Zum Beispiel die lokalen Gefühle mal mit eigenen Ideen, eigener Inspiration unterfüttern, statt immer nur kommerzfernsehgeschulte Sehgewohnheiten zu füttern. Also Dokumentationen machen, wie es einst Rolf Schübel oder Lutz Hachmeister probierten, wie Aelrun Goette oder Andrea Morgenthaler es heute tun. Stattdessen ist in dem Dreiteiler alles wie gehabt: spannende Fakten, populäre Umsetzung, schön vor der eigenen Haustür gekehrt.

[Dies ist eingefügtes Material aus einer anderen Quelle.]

lemma orbits_in_V:
  assumes "x \<in> W" "real n * \<bar>e\<bar> \<le> r0"
  shows "k \<le> n \<Longrightarrow> (F e ^^ k) x \<in> V" and "k \<le> n \<Longrightarrow> (Finv e ^^ k) x \<in> V"
    and "k < n \<Longrightarrow> (Finv e ^^ k) x \<in> F e ` V"
proof -
  obtain x0 where x0: "x0 \<in> D0" "dist x0 x < \<delta>" using assms(1) unfolding W_def by auto
  have k: "real k * \<bar>e\<bar> \<le> r0" if "k \<le> n" for k
    using mult_right_mono[of "real k" "real n" "\<bar>e\<bar>"] that assms(2) by simp
  show "(F e ^^ k) x \<in> V" "(Finv e ^^ k) x \<in> V" if "k \<le> n"
    using near_D0_in_V[OF x0(1) orbits_near_D0(1)[OF x0 k[OF that]]]
      near_D0_in_V[OF x0(1) orbits_near_D0(2)[OF x0 k[OF that]]] by simp_all
  show "(Finv e ^^ k) x \<in> F e ` V" if "k < n"
  proof (rule Finv_near(1)[OF x0(1) orbits_near_D0(2)[OF x0 k]])
    show "k \<le> n" using that by simp
    show "\<bar>e\<bar> \<le> r0" using k[of 1] that by simp
  qed
qed

lemma inj_frechet_derivative_F_Pair:
  assumes "x \<in> V" "\<bar>e\<bar> < r0"
  shows "inj (frechet_derivative (\<lambda>(x, e). (F e x, e)) (at (x, e)))"
proof -
  have xK: "x \<in> K" and e: "\<bar>e\<bar> \<le> r0" using assms V_subset_K by auto
  have p: "(x, e) \<in> D \<times> {-\<epsilon>0<..<\<epsilon>0}" using xK K_subset_D small_parameter(1)[OF e] by auto
  define T where "T h = (fst h + (e *\<^sub>R DG (x, e) h + snd h *\<^sub>R G e x), snd h)" for h
  have "((\<lambda>q. (fst q + snd q *\<^sub>R (\<lambda>(x, e). G e x) q, snd q)) has_derivative T) (at (x, e))"
    unfolding T_def
    using has_derivative_Pair[OF has_derivative_add[OF has_derivative_fst[OF has_derivative_ident]
        has_derivative_scaleR[OF has_derivative_snd[OF has_derivative_ident] G_has_derivative[OF p]]]
      has_derivative_snd[OF has_derivative_ident]]
    by simp
  moreover have "(fst q + snd q *\<^sub>R (\<lambda>(x, e). G e x) q, snd q) = (\<lambda>(x, e). (F e x, e)) q"
    if "q \<in> D \<times> {-\<epsilon>0<..<\<epsilon>0}" for q
    using that F_eq[of "fst q" "snd q"] by (auto simp: abs_less_iff split_beta)
  ultimately have "((\<lambda>(x, e). (F e x, e)) has_derivative T) (at (x, e))"
    using has_derivative_transform_within_open[OF _ open_domain p] by blast
  then have DT: "frechet_derivative (\<lambda>(x, e). (F e x, e)) (at (x, e)) = T" and "linear T"
    using frechet_derivative_at[symmetric] has_derivative_linear by blast+
  have "h = 0" if "T h = 0" for h
  proof -
    obtain u s where h: "h = (u, s)" by (cases h)
    have "s = 0" using that h by (simp add: T_def zero_prod_def)
    then have "u + e *\<^sub>R DG (x, e) (u, 0) = 0" using that h by (simp add: T_def zero_prod_def)
    then have u: "u = - (e *\<^sub>R DG (x, e) (u, 0))" by (simp add: eq_neg_iff_add_eq_0)
    have "norm u = norm (- (e *\<^sub>R DG (x, e) (u, 0)))" using u by (rule arg_cong)
    also have "\<dots> = \<bar>e\<bar> * norm (DG (x, e) (u, 0))" by simp
    also have "\<dots> \<le> \<bar>e\<bar> * (L * norm u)" using DG_bound[OF xK e, of "(u, 0)"] by (simp add: mult_left_mono)
    also have "\<dots> \<le> norm u / 2" using mult_right_mono[OF small_parameter(3)[OF e], of "norm u"] by simp
    finally have "u = 0" by simp
    then show ?thesis using h \<open>s = 0\<close> by (simp add: zero_prod_def)
  qed
  then show ?thesis unfolding DT using linear_injective_0[OF \<open>linear T\<close>] by blast
qed

lemma smooth_on_Finv:
  obtains U where "open U" "smooth_on U (\<lambda>(y, e). Finv e y)"
    "\<And>x0 y e. x0 \<in> D0 \<Longrightarrow> dist x0 y < 3 * \<delta> / 2 \<Longrightarrow> \<bar>e\<bar> < r0 \<Longrightarrow> (y, e) \<in> U"
proof -
  define Om where "Om = V \<times> {-r0<..<r0}"
  define \<Psi> :: "'a \<times> real \<Rightarrow> 'a \<times> real" where "\<Psi> = (\<lambda>(x, e). (F e x, e))"
  have open_Om: "open Om" unfolding Om_def using open_V by (simp add: open_Times)
  have Om_dom: "Om \<subseteq> D \<times> {-\<epsilon>0<..<\<epsilon>0}" unfolding Om_def using V_subset_D r0_less by auto
  have "smooth_on Om (\<lambda>q. ((\<lambda>(x, e). F e x) q, snd q))"
    by (rule smooth_on_Pair[OF open_Om smooth_on_subset[OF smooth_F Om_dom] smooth_on_snd[OF open_Om]])
  then have smooth_\<Psi>: "smooth_on Om \<Psi>" unfolding \<Psi>_def by (simp add: case_prod_beta')
  have inv: "(\<lambda>(y, e). (Finv e y, e)) (\<Psi> z) = z" if "z \<in> Om" for z
    using that the_inv_into_f_f[OF inj_on_F] unfolding Om_def \<Psi>_def Finv_def by auto
  have "inj (frechet_derivative \<Psi> (at z))" if "z \<in> Om" for z
    using that inj_frechet_derivative_F_Pair unfolding Om_def \<Psi>_def by auto
  from smooth_on_inverse_open[OF open_Om smooth_\<Psi> inv this]
  have U: "open (\<Psi> ` Om)" "smooth_on (\<Psi> ` Om) (\<lambda>(y, e). (Finv e y, e))" by blast+
  show thesis
  proof (rule that[OF U(1)])
    show "smooth_on (\<Psi> ` Om) (\<lambda>(y, e). Finv e y)"
      using smooth_on_compose[OF U(1) open_UNIV U(2) smooth_on_fst[OF open_UNIV]]
      by (simp add: case_prod_beta')
    fix x0 y e assume "x0 \<in> D0" "dist x0 y < 3 * \<delta> / 2" "\<bar>e\<bar> < r0"
    then obtain z where "z \<in> V" "F e z = y" using F_preimage[of x0 y e] by auto
    then show "(y, e) \<in> \<Psi> ` Om"
      unfolding Om_def \<Psi>_def using \<open>\<bar>e\<bar> < r0\<close> by (auto intro!: image_eqI[of _ _ "(z, e)"])
  qed
qed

Und so reiht sich „Die Geschichte der Nordsee“ doch wieder nur ein in all die Selbstvergewisserungen maximaler Schollenverbundenheit. Keine Frage, wie jede Tageszeitung hat auch die Gemeinschaftsanstalt der Küstenländer ein Angebot mit Lokalkolorit zu liefern. Aber steht eigentlich im Rundfunkstaatsvertrag, dass die Heimat gepriesen werden muss, wo es nur geht? Nein, tut es nicht.

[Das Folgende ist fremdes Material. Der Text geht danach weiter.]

lemma S_g_u_cont: "continuous_on {0..} (\<lambda>r. S (g (u r)))"
  unfolding continuous_on_def
proof
  fix x :: real
  assume "x \<in> {0..}"
  have bound: "norm (S (g (u r)) - S (g (u x))) \<le> \<bar>K\<bar> * norm (S (u r) - S (u x))" if "r \<in> {0..}" for r
  proof -
    have "u r \<in> DS" "u x \<in> DS" "u r - u x \<in> DS"
      using that \<open>x \<in> {0..}\<close> u_in_DS DS_subspace by (auto intro: subspace_diff)
    then have "norm (S (g (u r)) - S (g (u x))) = norm (S (g (u r - u x)))"
      using g_DS by (simp add: S_diff blinfun.diff_right)
    also have "\<dots> \<le> K * norm (S (u r - u x))"
      using S_g_bound \<open>u r - u x \<in> DS\<close> .
    also have "\<dots> \<le> \<bar>K\<bar> * norm (S (u r) - S (u x))"
      using \<open>u r \<in> DS\<close> \<open>u x \<in> DS\<close> by (simp add: S_diff mult_right_mono)
    finally show ?thesis .
  qed
  have "((\<lambda>r. S (u r)) \<longlongrightarrow> S (u x)) (at x within {0..})"
    using Su_cont \<open>x \<in> {0..}\<close> unfolding continuous_on_def by blast
  then have "((\<lambda>r. \<bar>K\<bar> * norm (S (u r) - S (u x))) \<longlongrightarrow> 0) (at x within {0..})"
    by (intro tendsto_mult_right_zero tendsto_norm_zero LIM_zero)
  moreover have "\<forall>\<^sub>F r in at x within {0..}. norm (S (g (u r)) - S (g (u x))) \<le> \<bar>K\<bar> * norm (S (u r) - S (u x))"
    unfolding eventually_at_filter by (rule always_eventually) (simp add: bound)
  ultimately have "((\<lambda>r. S (g (u r)) - S (g (u x))) \<longlongrightarrow> 0) (at x within {0..})"
    by (rule Lim_null_comparison[rotated])
  then show "((\<lambda>r. S (g (u r))) \<longlongrightarrow> S (g (u x))) (at x within {0..})"
    by (rule LIM_zero_cancel)
qed

lemma weak_bound_along_g_u:
  assumes "0 \<le> s" "s \<le> t"
  shows "\<bar>inner (u' t) (g (u t)) - inner (u' s) (g (u s))
      + integral {s..t} (\<lambda>r. inner (S (u r)) (S (g (u r))) + inner (g (u' r)) (g (u r)) - inner (u' r) (g (u' r)))\<bar>
    \<le> integral {s..t} (\<lambda>r. a * norm (u r) * norm (g (u r)))"
proof (rule weak_bound_along_path[OF assms])
  show "continuous_on {s..t} (\<lambda>r. S (g (u r)))"
    using S_g_u_cont assms(1) by (rule continuous_on_Icc_of_atLeast)
  show "((\<lambda>r. g (u r)) has_vector_derivative g (u' r)) (at r within {s..t})" if "r \<in> {s..t}" for r
    using that assms by (intro bounded_linear.has_vector_derivative[OF blinfun.bounded_linear_right]
        has_vector_derivative_within_subset[OF u_deriv]) auto
  show "continuous_on {s..t} (\<lambda>r. g (u' r))"
    using continuous_on_Icc_solution(3)[OF assms(1)] by (intro continuous_intros)
qed (use assms in \<open>auto intro!: g_DS u_in_DS\<close>)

Und doch beschleicht den kritischen Zuschauer bisweilen das Gefühl, unterfordert, ja: unterwandert zu werden von den Dritten. Allem voran beim MDR. Das Gezeigte reduziert sich dort längst auf exakt zwei Themenschwerpunkte: Volkstümliches und Ostalgie. Der Bayerische Rundfunk, 1964 als erstes Regionalprogramm auf Sendung, nutzte die Macht ortsüblicher Emotionen schon mal zur stundenlangen Liveübertragung staatskatholisch organisierter Demos gegen das Kruzifix-Verbot an Schulen.

„Kritischer Regionalismus war gestern“, schrieb die politische Zeitschrift „Das Parlament“ schon vor fünf Jahren zu dieser Art TV. Heute dagegen dominiere auf den Sendern, die sich doch einst als Nischen für Bildung, Avantgarde und Kultur verstanden haben, ein Mix aus „Heimattümelei, Kochtopfjournalismus, Infotainment und Boulevardisierung“. Genau in diese Richtung, pflichtet der langjährige NDR-Redakteur Jürgen Bertram bei, habe sich keine andere Programmschiene „so revolutionär entwickelt“. In entpolitisierten Fernsehzeiten zieht man sich lieber zurück ins Private, versendet ohne Quotennot Wiederholungen der ARD (also Tatort, Tatort, Tatort) und betreibt Lokalpatriotismus nach Noten. Für die Heimat.